··· Records for the exercise ···
lemma pt_in_U_iff:
  assumes "x \<noteq> 0" "is_real x"
  shows "pt x \<in> U \<longleftrightarrow> Re (rho x) < 0"
proof
  assume "pt x \<in> U"
  then obtain y where y: "y \<in> pt x" "is_real y" "Re (rho y) < 0" by (auto simp: U_def)
  then obtain c where c: "c \<noteq> 0" "y = sc c x" by (auto simp: mem_pt_iff)
  then have "c \<in> \<real>" using Reals_scale assms y(2) by blast
  moreover have "rho y = rho x * c^2" unfolding c(2) rho_sc by (rule mult.commute)
  ultimately show "Re (rho x) < 0"
    using Re_mult_square_neg_iff[OF Reals_rho[OF assms(2)]] c(1) y(3) by metis
next
  assume "Re (rho x) < 0"
  then show "pt x \<in> U" unfolding U_def using assms pt_self pt_in_P2 by blast
qed

lemma Reals_if_square_pos:
  fixes u :: complex
  assumes "u^2 = of_real r" "0 < r"
  shows "u \<in> \<real>"
proof -
  have "Im u * Re u = 0" "Im u * Im u < Re u * Re u"
    using arg_cong[OF assms(1), of Im] arg_cong[OF assms(1), of Re] assms(2)
    by (simp_all add: power2_eq_square)
  then show ?thesis by (auto simp: complex_is_Real_iff)
qed

lemma negative_rho_same_sign:
  fixes r1 r2 r3 :: real
  assumes "r1^2 + r2^2 + r3^2 - 2 * (r1 * r2 + r2 * r3 + r3 * r1) < 0"
  shows "\<exists>\<sigma>. \<sigma>^2 = 1 \<and> 0 < \<sigma> * r1 \<and> 0 < \<sigma> * r2 \<and> 0 < \<sigma> * r3"
proof -
  have "0 < r1 * r2" "0 < r2 * r3" "0 < r1 * r3"
    using assms zero_le_power2[of "r3 - r1 - r2"] zero_le_power2[of "r1 - r2 - r3"]
      zero_le_power2[of "r2 - r1 - r3"]
    by (simp_all add: power2_eq_square algebra_simps)
  then show ?thesis
    by (cases "0 < r1") (auto intro: exI[of _ 1] exI[of _ "-1"] simp: zero_less_mult_iff)
qed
···
=== What the exercise asks ===
Exact reproduction is required: output the lines from the start of the entries above through the line with "using assms zero_le_power2[of".

=== Written solution ===
lemma pt_in_U_iff:
  assumes "x \<noteq> 0" "is_real x"
  shows "pt x \<in> U \<longleftrightarrow> Re (rho x) < 0"
proof
  assume "pt x \<in> U"
  then obtain y where y: "y \<in> pt x" "is_real y" "Re (rho y) < 0" by (auto simp: U_def)
  then obtain c where c: "c \<noteq> 0" "y = sc c x" by (auto simp: mem_pt_iff)
  then have "c \<in> \<real>" using Reals_scale assms y(2) by blast
  moreover have "rho y = rho x * c^2" unfolding c(2) rho_sc by (rule mult.commute)
  ultimately show "Re (rho x) < 0"
    using Re_mult_square_neg_iff[OF Reals_rho[OF assms(2)]] c(1) y(3) by metis
next
  assume "Re (rho x) < 0"
  then show "pt x \<in> U" unfolding U_def using assms pt_self pt_in_P2 by blast
qed

lemma Reals_if_square_pos:
  fixes u :: complex
  assumes "u^2 = of_real r" "0 < r"
  shows "u \<in> \<real>"
proof -
  have "Im u * Re u = 0" "Im u * Im u < Re u * Re u"
    using arg_cong[OF assms(1), of Im] arg_cong[OF assms(1), of Re] assms(2)
    by (simp_all add: power2_eq_square)
  then show ?thesis by (auto simp: complex_is_Real_iff)
qed

lemma negative_rho_same_sign:
  fixes r1 r2 r3 :: real
  assumes "r1^2 + r2^2 + r3^2 - 2 * (r1 * r2 + r2 * r3 + r3 * r1) < 0"
  shows "\<exists>\<sigma>. \<sigma>^2 = 1 \<and> 0 < \<sigma> * r1 \<and> 0 < \<sigma> * r2 \<and> 0 < \<sigma> * r3"
proof -
  have "0 < r1 * r2" "0 < r2 * r3" "0 < r1 * r3"
    using assms zero_le_power2[of "r3 - r1 - r2"] zero_le_power2[of "r1 - r2 - r3"]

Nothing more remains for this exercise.